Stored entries

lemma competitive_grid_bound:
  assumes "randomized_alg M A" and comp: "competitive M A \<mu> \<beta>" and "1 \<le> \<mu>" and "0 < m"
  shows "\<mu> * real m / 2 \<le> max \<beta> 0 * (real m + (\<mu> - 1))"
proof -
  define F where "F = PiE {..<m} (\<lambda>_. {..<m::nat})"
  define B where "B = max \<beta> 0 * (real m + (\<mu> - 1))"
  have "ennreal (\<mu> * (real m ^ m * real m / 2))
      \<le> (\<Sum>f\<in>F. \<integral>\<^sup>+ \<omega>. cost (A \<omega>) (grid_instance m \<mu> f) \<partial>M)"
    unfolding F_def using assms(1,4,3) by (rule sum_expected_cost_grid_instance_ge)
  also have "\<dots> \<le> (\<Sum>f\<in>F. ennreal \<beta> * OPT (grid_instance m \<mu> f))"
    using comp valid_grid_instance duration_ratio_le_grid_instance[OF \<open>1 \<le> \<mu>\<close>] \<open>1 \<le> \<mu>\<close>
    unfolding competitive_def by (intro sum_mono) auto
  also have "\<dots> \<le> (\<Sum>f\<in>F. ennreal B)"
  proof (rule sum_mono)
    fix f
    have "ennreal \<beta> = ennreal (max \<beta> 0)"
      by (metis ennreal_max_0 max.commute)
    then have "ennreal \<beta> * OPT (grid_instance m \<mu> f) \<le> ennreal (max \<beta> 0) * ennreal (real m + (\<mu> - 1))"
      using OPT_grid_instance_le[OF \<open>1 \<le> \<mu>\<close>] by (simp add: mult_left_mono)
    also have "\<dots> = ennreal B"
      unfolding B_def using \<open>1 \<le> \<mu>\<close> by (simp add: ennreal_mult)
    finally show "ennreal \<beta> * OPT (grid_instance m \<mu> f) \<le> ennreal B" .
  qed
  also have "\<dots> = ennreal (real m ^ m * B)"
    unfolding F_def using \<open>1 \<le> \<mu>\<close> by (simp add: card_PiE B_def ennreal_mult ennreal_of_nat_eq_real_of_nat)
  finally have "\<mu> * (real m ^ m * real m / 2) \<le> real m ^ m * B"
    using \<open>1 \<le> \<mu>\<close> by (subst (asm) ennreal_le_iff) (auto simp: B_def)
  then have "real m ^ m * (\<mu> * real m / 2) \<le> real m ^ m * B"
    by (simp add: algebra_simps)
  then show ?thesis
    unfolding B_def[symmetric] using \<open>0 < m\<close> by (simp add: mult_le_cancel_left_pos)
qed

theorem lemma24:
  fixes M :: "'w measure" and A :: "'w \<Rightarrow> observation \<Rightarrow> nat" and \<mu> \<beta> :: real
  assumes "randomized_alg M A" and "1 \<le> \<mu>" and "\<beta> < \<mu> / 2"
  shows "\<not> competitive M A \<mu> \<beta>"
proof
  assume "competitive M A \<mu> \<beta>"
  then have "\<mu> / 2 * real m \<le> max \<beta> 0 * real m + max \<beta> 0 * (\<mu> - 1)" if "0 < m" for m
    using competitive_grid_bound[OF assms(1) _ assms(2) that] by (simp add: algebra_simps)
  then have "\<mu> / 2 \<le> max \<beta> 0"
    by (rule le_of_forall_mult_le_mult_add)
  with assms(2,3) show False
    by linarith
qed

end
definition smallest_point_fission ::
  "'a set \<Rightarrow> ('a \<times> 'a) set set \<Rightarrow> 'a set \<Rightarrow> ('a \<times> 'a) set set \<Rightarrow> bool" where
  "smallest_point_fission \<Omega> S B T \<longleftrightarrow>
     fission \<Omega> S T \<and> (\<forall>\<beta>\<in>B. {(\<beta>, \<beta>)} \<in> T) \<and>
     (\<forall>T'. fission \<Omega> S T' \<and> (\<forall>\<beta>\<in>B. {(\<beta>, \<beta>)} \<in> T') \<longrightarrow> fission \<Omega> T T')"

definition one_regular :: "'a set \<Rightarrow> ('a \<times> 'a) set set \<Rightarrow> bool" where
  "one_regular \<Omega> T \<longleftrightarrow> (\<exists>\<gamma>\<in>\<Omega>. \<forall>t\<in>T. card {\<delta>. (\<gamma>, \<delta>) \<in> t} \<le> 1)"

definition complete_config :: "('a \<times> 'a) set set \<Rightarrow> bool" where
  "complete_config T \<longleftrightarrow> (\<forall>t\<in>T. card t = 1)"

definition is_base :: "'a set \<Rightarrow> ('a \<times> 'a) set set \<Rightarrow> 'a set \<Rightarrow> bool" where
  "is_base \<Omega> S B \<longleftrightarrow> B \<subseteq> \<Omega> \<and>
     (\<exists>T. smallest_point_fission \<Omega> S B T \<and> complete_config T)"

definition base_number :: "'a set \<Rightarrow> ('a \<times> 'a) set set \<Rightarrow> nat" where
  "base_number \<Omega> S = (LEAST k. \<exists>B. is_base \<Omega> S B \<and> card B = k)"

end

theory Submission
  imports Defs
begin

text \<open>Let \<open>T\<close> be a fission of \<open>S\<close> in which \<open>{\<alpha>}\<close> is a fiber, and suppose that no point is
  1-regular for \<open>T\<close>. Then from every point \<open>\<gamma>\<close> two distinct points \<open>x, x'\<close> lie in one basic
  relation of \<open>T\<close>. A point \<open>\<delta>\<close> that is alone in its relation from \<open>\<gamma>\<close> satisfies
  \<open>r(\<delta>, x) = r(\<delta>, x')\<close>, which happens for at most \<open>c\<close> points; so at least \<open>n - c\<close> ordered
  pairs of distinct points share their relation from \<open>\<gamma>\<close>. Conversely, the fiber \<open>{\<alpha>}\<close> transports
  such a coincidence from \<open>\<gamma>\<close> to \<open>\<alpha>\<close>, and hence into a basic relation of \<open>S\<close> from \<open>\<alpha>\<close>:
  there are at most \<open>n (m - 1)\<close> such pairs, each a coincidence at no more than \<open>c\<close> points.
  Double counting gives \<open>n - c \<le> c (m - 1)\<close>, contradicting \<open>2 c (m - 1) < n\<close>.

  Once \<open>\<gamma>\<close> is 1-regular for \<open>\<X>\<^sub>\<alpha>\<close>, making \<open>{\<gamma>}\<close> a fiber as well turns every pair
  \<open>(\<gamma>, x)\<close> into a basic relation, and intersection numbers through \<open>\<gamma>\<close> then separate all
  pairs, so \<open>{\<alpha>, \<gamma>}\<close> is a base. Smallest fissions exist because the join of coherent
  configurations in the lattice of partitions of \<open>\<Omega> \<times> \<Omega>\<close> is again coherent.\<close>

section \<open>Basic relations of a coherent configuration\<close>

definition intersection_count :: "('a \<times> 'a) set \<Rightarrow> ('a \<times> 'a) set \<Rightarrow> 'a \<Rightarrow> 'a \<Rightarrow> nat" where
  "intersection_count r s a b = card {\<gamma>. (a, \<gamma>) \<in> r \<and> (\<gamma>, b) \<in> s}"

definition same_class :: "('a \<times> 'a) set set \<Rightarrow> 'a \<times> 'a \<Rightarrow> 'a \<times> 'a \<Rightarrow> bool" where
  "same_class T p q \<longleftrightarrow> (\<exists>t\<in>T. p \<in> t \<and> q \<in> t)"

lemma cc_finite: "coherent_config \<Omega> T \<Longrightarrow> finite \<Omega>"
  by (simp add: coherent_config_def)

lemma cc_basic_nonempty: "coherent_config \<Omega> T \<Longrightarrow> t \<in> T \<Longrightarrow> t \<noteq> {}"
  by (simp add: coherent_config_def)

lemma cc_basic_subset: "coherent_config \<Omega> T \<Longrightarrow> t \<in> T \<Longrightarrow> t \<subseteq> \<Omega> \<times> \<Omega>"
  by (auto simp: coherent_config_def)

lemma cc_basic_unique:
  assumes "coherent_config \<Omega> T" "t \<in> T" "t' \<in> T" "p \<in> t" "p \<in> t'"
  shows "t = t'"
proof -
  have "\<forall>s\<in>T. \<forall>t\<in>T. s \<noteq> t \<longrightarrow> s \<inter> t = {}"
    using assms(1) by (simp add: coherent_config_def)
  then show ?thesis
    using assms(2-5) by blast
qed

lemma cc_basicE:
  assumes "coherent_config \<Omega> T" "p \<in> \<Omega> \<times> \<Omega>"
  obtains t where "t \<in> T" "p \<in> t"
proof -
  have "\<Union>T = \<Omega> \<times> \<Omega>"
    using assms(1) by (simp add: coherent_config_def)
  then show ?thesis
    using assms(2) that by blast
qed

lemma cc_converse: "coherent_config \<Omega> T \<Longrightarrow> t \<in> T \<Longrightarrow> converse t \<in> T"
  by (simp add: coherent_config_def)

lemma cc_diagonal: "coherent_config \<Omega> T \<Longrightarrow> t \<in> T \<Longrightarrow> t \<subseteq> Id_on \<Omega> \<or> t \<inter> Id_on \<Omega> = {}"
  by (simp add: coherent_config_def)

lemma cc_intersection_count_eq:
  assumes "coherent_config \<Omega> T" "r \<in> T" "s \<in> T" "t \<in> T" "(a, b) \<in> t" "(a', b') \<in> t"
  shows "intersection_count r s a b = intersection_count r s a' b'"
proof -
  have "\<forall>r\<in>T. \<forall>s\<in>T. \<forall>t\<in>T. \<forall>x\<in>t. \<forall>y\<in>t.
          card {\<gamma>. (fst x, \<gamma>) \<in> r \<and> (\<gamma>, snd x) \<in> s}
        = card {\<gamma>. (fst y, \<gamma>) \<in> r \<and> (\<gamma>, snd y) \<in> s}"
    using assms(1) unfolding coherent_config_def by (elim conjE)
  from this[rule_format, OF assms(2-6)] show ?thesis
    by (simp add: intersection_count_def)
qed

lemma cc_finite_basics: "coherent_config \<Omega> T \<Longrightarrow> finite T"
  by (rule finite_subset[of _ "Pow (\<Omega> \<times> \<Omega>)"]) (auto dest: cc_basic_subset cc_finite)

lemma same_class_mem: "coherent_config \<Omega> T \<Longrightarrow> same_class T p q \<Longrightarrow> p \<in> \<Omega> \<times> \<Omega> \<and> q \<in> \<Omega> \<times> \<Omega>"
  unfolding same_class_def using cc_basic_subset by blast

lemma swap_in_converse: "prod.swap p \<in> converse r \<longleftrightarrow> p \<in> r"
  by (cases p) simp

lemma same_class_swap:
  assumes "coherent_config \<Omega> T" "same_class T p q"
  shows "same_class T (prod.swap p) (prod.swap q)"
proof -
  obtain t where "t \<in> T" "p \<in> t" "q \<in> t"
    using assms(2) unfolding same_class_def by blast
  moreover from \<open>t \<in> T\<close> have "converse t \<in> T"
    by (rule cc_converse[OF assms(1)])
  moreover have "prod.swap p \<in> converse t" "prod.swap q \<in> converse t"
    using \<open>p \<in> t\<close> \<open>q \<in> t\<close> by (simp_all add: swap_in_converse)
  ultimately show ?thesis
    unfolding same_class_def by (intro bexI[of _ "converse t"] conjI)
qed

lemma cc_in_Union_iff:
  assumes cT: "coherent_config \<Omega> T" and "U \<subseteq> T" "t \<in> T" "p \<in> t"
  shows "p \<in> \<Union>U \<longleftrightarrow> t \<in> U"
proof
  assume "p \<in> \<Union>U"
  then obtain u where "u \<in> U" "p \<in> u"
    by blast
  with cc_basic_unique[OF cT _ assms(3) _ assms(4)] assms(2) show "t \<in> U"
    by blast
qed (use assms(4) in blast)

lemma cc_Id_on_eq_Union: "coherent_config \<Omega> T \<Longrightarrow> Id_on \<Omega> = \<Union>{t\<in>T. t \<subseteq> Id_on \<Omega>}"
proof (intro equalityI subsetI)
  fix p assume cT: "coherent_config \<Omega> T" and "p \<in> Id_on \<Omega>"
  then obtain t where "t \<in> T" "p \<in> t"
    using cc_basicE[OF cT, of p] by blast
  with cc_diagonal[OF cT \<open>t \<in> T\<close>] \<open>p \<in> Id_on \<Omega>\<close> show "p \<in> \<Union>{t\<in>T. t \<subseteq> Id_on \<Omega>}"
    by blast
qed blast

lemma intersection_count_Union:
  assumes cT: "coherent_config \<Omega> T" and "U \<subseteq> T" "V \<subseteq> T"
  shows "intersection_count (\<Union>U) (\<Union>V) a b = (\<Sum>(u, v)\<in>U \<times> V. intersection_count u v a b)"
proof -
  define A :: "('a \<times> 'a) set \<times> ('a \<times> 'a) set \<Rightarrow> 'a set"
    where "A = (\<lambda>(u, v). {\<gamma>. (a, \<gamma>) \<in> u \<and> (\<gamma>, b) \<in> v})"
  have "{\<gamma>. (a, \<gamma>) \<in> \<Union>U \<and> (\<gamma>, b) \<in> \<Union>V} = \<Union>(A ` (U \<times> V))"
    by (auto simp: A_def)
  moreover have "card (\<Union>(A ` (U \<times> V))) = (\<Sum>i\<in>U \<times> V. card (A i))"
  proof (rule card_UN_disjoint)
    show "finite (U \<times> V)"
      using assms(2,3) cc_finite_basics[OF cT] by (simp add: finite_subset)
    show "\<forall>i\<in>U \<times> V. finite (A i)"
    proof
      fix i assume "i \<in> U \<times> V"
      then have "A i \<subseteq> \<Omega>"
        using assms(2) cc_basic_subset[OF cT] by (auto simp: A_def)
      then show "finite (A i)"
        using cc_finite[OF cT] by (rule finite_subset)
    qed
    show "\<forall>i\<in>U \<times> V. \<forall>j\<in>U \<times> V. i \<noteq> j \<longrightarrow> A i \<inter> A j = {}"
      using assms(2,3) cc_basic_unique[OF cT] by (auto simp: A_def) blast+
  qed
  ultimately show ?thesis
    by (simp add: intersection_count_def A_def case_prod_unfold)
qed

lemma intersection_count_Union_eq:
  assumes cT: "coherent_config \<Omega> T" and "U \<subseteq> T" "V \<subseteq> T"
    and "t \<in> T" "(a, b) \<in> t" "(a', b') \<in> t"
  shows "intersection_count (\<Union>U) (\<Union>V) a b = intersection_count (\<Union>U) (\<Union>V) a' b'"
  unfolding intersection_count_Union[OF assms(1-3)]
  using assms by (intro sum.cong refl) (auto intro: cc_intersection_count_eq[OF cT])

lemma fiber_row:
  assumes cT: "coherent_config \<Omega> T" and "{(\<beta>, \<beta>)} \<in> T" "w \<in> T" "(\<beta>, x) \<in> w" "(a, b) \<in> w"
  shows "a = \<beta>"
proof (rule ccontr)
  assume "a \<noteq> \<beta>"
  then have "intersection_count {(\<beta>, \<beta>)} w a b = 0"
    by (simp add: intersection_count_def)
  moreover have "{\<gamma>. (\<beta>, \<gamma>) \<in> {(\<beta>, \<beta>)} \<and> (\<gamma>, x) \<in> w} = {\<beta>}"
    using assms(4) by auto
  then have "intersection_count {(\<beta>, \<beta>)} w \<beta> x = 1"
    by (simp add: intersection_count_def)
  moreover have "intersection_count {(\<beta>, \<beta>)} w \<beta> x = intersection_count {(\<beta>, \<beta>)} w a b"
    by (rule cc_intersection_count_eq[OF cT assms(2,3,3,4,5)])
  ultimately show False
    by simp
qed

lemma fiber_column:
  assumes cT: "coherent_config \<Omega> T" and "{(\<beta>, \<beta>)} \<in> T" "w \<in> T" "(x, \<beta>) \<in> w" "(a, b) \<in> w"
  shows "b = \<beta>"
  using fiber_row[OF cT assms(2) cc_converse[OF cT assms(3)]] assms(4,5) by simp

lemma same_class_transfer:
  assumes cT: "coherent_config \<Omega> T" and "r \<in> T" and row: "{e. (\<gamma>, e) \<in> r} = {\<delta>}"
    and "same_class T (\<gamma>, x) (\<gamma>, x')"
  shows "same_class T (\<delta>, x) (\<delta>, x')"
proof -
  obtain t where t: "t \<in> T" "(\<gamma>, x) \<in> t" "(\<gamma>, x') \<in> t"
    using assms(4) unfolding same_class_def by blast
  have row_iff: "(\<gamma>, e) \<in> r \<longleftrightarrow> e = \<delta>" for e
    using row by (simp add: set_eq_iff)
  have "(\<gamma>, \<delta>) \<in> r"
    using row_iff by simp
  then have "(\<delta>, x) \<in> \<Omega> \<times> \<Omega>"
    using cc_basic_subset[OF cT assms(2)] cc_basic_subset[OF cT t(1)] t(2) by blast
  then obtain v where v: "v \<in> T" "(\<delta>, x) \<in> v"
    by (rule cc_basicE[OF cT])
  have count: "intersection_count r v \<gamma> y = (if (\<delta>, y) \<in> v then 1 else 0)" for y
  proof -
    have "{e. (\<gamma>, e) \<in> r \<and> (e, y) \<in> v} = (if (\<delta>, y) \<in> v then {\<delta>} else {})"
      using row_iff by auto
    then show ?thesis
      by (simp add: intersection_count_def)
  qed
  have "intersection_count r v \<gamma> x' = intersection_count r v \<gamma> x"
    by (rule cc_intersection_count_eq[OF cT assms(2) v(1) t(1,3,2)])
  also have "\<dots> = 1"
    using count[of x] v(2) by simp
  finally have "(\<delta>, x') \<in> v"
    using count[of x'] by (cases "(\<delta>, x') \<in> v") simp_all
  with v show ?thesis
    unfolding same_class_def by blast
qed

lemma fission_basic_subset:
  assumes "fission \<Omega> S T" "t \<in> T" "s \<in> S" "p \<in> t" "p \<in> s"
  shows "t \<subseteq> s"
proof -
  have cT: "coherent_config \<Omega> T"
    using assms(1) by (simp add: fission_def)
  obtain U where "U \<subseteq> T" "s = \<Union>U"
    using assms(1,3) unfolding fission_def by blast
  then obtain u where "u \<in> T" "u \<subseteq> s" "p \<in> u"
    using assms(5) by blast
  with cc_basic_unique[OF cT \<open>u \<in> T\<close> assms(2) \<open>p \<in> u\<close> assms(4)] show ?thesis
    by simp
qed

Your objective:
Give back, exactly as written, the stretch from the line with "by (rule finite_subset[of" through the line with "then obtain t", and no other lines from the records above.

Result below:
  by (rule finite_subset[of _ "Pow (\<Omega> \<times> \<Omega>)"]) (auto dest: cc_basic_subset cc_finite)

lemma same_class_mem: "coherent_config \<Omega> T \<Longrightarrow> same_class T p q \<Longrightarrow> p \<in> \<Omega> \<times> \<Omega> \<and> q \<in> \<Omega> \<times> \<Omega>"
  unfolding same_class_def using cc_basic_subset by blast

lemma swap_in_converse: "prod.swap p \<in> converse r \<longleftrightarrow> p \<in> r"
  by (cases p) simp

lemma same_class_swap:
  assumes "coherent_config \<Omega> T" "same_class T p q"
  shows "same_class T (prod.swap p) (prod.swap q)"
proof -
  obtain t where "t \<in> T" "p \<in> t" "q \<in> t"
    using assms(2) unfolding same_class_def by blast
  moreover from \<open>t \<in> T\<close> have "converse t \<in> T"
    by (rule cc_converse[OF assms(1)])
  moreover have "prod.swap p \<in> converse t" "prod.swap q \<in> converse t"
    using \<open>p \<in> t\<close> \<open>q \<in> t\<close> by (simp_all add: swap_in_converse)
  ultimately show ?thesis
    unfolding same_class_def by (intro bexI[of _ "converse t"] conjI)
qed

lemma cc_in_Union_iff:
  assumes cT: "coherent_config \<Omega> T" and "U \<subseteq> T" "t \<in> T" "p \<in> t"
  shows "p \<in> \<Union>U \<longleftrightarrow> t \<in> U"
proof
  assume "p \<in> \<Union>U"
  then obtain u where "u \<in> U" "p \<in> u"
    by blast
  with cc_basic_unique[OF cT _ assms(3) _ assms(4)] assms(2) show "t \<in> U"
    by blast
qed (use assms(4) in blast)

lemma cc_Id_on_eq_Union: "coherent_config \<Omega> T \<Longrightarrow> Id_on \<Omega> = \<Union>{t\<in>T. t \<subseteq> Id_on \<Omega>}"
proof (intro equalityI subsetI)
  fix p assume cT: "coherent_config \<Omega> T" and "p \<in> Id_on \<Omega>"
  then obtain t where "t \<in> T" "p \<in> t"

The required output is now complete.